Results from immunohistochemical testing with antibodies to factor XIIIa, which label dermal dendritic cells, are frequently positive in dermatofibroma, while antibodies to MAC 387, which label monocyte-derived macrophages (histiocytes), show less consistent results. One study evaluated the expression in dermatofibroma of HSP47, a recently used marker for skin fibroblasts; CD68, a marker for histiocytes; and factor XIIIa. Most of the spindle-shaped cells in all 28 cases of dermatofibroma, irrespective of histologic variant, stained positively with HSP47, indicating that skin fibroblasts are a major constituent of dermatofibroma. Factor XIIIa–positive dendritic cells also are present, but the presence of CD68-positive histiocytes was inconsistent, especially between histologic variants. [4] CD14+ monocytes have been proposed as the cell of origin of dermatofibromas. [5]

The cell surface proteoglycan, syndecan-1, [6] and fibroblast growth factor receptor 2, involved in epithelial-mesenchymal cross-talk, [7] may play a role in the growth of dermatofibromas. Transforming growth factor-beta (TGF-beta) signaling might be a trigger of the fibrosis seen in dermatofibromas. [8] TGF-beta, along with other fibrinogenic factors, may be produced by mast cells, which have been reported to occur in abnormally high numbers in dermatofibromas. [9]

Gene fusions have been described in dermatofibroma tumorigenesis. [10, 11] ALK gene rearrangement and overexpression has been demonstrated in the epithelioid and atypical dermatofibroma variants. [12, 13]

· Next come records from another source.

text \<open>Schwarz's theorem: compare the mean value expressions of the second difference taken in the
  two orders, and let the square shrink.\<close>
lemma second_derivative_symmetric:
  fixes Z :: "'a::euclidean_space \<Rightarrow> 'b::euclidean_space"
  assumes U: "open U" "p \<in> U"
    and dZ: "\<And>q. q \<in> U \<Longrightarrow> (Z has_derivative DZ q) (at q)"
    and du: "\<And>q. q \<in> U \<Longrightarrow> ((\<lambda>y. DZ y u) has_derivative D2u q) (at q)"
    and dw: "\<And>q. q \<in> U \<Longrightarrow> ((\<lambda>y. DZ y w) has_derivative D2w q) (at q)"
    and cu: "continuous_on U (\<lambda>q. D2u q w)" and cw: "continuous_on U (\<lambda>q. D2w q u)"
  shows "D2u p w = D2w p u"
proof (rule ccontr)
  assume ne: "D2u p w \<noteq> D2w p u"
  define c where "c = D2u p w - D2w p u"
  define A where "A = (\<lambda>q. D2u q w \<bullet> c)"
  define B where "B = (\<lambda>q. D2w q u \<bullet> c)"
  define \<epsilon> where "\<epsilon> = (A p - B p) / 2"
  have "A p - B p > 0" using ne by (simp add: A_def B_def c_def inner_diff_left[symmetric])
  hence eps: "\<epsilon> > 0" by (simp add: \<epsilon>_def)
  have "continuous (at p) A" unfolding A_def
    using cu U by (intro continuous_intros) (simp add: continuous_on_eq_continuous_at)
  then obtain d1 where d1: "d1 > 0" "\<And>q. dist q p < d1 \<Longrightarrow> dist (A q) (A p) < \<epsilon>"
    using eps unfolding continuous_at_eps_delta by blast
  have "continuous (at p) B" unfolding B_def
    using cw U by (intro continuous_intros) (simp add: continuous_on_eq_continuous_at)
  then obtain d2 where d2: "d2 > 0" "\<And>q. dist q p < d2 \<Longrightarrow> dist (B q) (B p) < \<epsilon>"
    using eps unfolding continuous_at_eps_delta by blast
  obtain r where r: "r > 0" "ball p r \<subseteq> U" using U open_contains_ball by blast
  define R where "R = min r (min d1 d2)"
  have R: "R > 0" using r d1 d2 by (simp add: R_def)
  have ball: "ball p R \<subseteq> U" using r(2) subset_ball[of R r p] by (simp add: R_def)
  have nn: "norm u + norm w + 1 > 0" by (simp add: add_nonneg_pos)
  define h where "h = R / (2 * (norm u + norm w + 1))"
  have h: "h > 0" unfolding h_def using R nn by simp
  have "h * (norm u + norm w) < h * (2 * (norm u + norm w + 1))"
    using h by (intro mult_strict_left_mono) (auto simp: add_nonneg_pos)
  also have "\<dots> = R" using nn by (simp add: h_def)
  finally have hR: "h * (norm u + norm w) < R" "h * (norm w + norm u) < R" by (simp_all add: add.commute)
  obtain q1 where q1: "dist q1 p < R"
    and e1: "(Z (p + h *\<^sub>R u + h *\<^sub>R w) - Z (p + h *\<^sub>R u) - Z (p + h *\<^sub>R w) + Z p) \<bullet> c
      = h * (h * (D2u q1 w \<bullet> c))"
    by (rule second_difference_mvt_ball[OF h hR(1) ball dZ du])
  obtain q2 where q2: "dist q2 p < R"
    and e2: "(Z (p + h *\<^sub>R w + h *\<^sub>R u) - Z (p + h *\<^sub>R w) - Z (p + h *\<^sub>R u) + Z p) \<bullet> c
      = h * (h * (D2w q2 u \<bullet> c))"
    by (rule second_difference_mvt_ball[OF h hR(2) ball dZ dw])
  have swap: "Z (p + h *\<^sub>R w + h *\<^sub>R u) - Z (p + h *\<^sub>R w) - Z (p + h *\<^sub>R u) + Z p =
        Z (p + h *\<^sub>R u + h *\<^sub>R w) - Z (p + h *\<^sub>R u) - Z (p + h *\<^sub>R w) + Z p"
    by (simp add: algebra_simps)
  have "h * (h * A q1) = h * (h * B q2)"
    using e1 e2 unfolding swap A_def B_def by metis
  hence "A q1 = B q2" using h by simp
  moreover have "dist (A q1) (A p) < \<epsilon>" "dist (B q2) (B p) < \<epsilon>"
    using d1(2) d2(2) q1 q2 by (simp_all add: R_def)
  ultimately have "\<bar>A p - B p\<bar> < 2 * \<epsilon>" by (simp add: dist_real_def)
  thus False using eps by (simp add: \<epsilon>_def)
qed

Historically attributed to be a reactive process to some traumatic insult to the skin (eg, arthropod bite, skin tattooing, tuberculin skin testing, prior folliculitis), [14, 15, 16, 17] the cause of dermatofibroma is unknown. Clonal analysis suggest it may represent a true neoplasm. [2]

Altered immunity likely plays a role in many cases of multiple eruptive dermatofibromas associated with various underlying conditions and medications (see History).

A study of eruptive dermatofibromas in a kindred demonstrated a genetic component. [18] A coagulation factor XIIIA subunit missense mutation may play a role in autosomal dominant multiple dermatofibromas. [19]




Dermatofibromas are relatively common.


Frequency of dermatofibroma appears to be similar in all races.


Females are affected by dermatofibroma more commonly than males, with a male-to-female ratio of 1:2, or higher. [20, 21]


Dermatofibroma can occur in patients of any age. In one series, 80% of biopsy specimens were from patients aged 20-49 years, [20] and in another the mean age of the patients was 42.18±13.72 years. [21]



Typical superficial dermatofibromas are considered benign lesions, and the prognosis for patients with this condition is excellent. However, discomfort from pain or itching may be significant.

Deep, cellular, aneurysmal, and atypical variants, which are notoriously more locally recurrent (≤20% of cases), can rarely metastasize. [22, 23, 24] (The deep subset of dermatofibroma that arises in the subcutaneous or deep soft tissue may undergo further classification. [23] ) Such variants, or any indeterminant dermatofibroma, might be regarded as potentially malignant lesions. [25] In these exceptional cases, pulmonary and nodal metastases were seen most commonly, some patients developed multiple satellite nodules, and deaths have occurred. [26] The primary tumors tended to be large and cellular, but aggressive behavior is not entirely predictable, although early or frequent recurrences of the tumor should raise concern. [26] Array-based comparative genomic hybridization (CGH) may prove useful in identifying these higher-risk variants. [23, 27, 28]

The epithelioid variant has also been reported to metastasize, although demonstration of ALK gene rearrangement may indicate it is a biologically distinct tumor. [12, 29]

In a study of common dermatofibromas with an increased mitotic rate but no other worrisome features, none recurred or metastasized. [30]

Spontaneous regression has been reported, [31] and this may yield postinflammatory hypopigmentation, although this appears to be quite rare.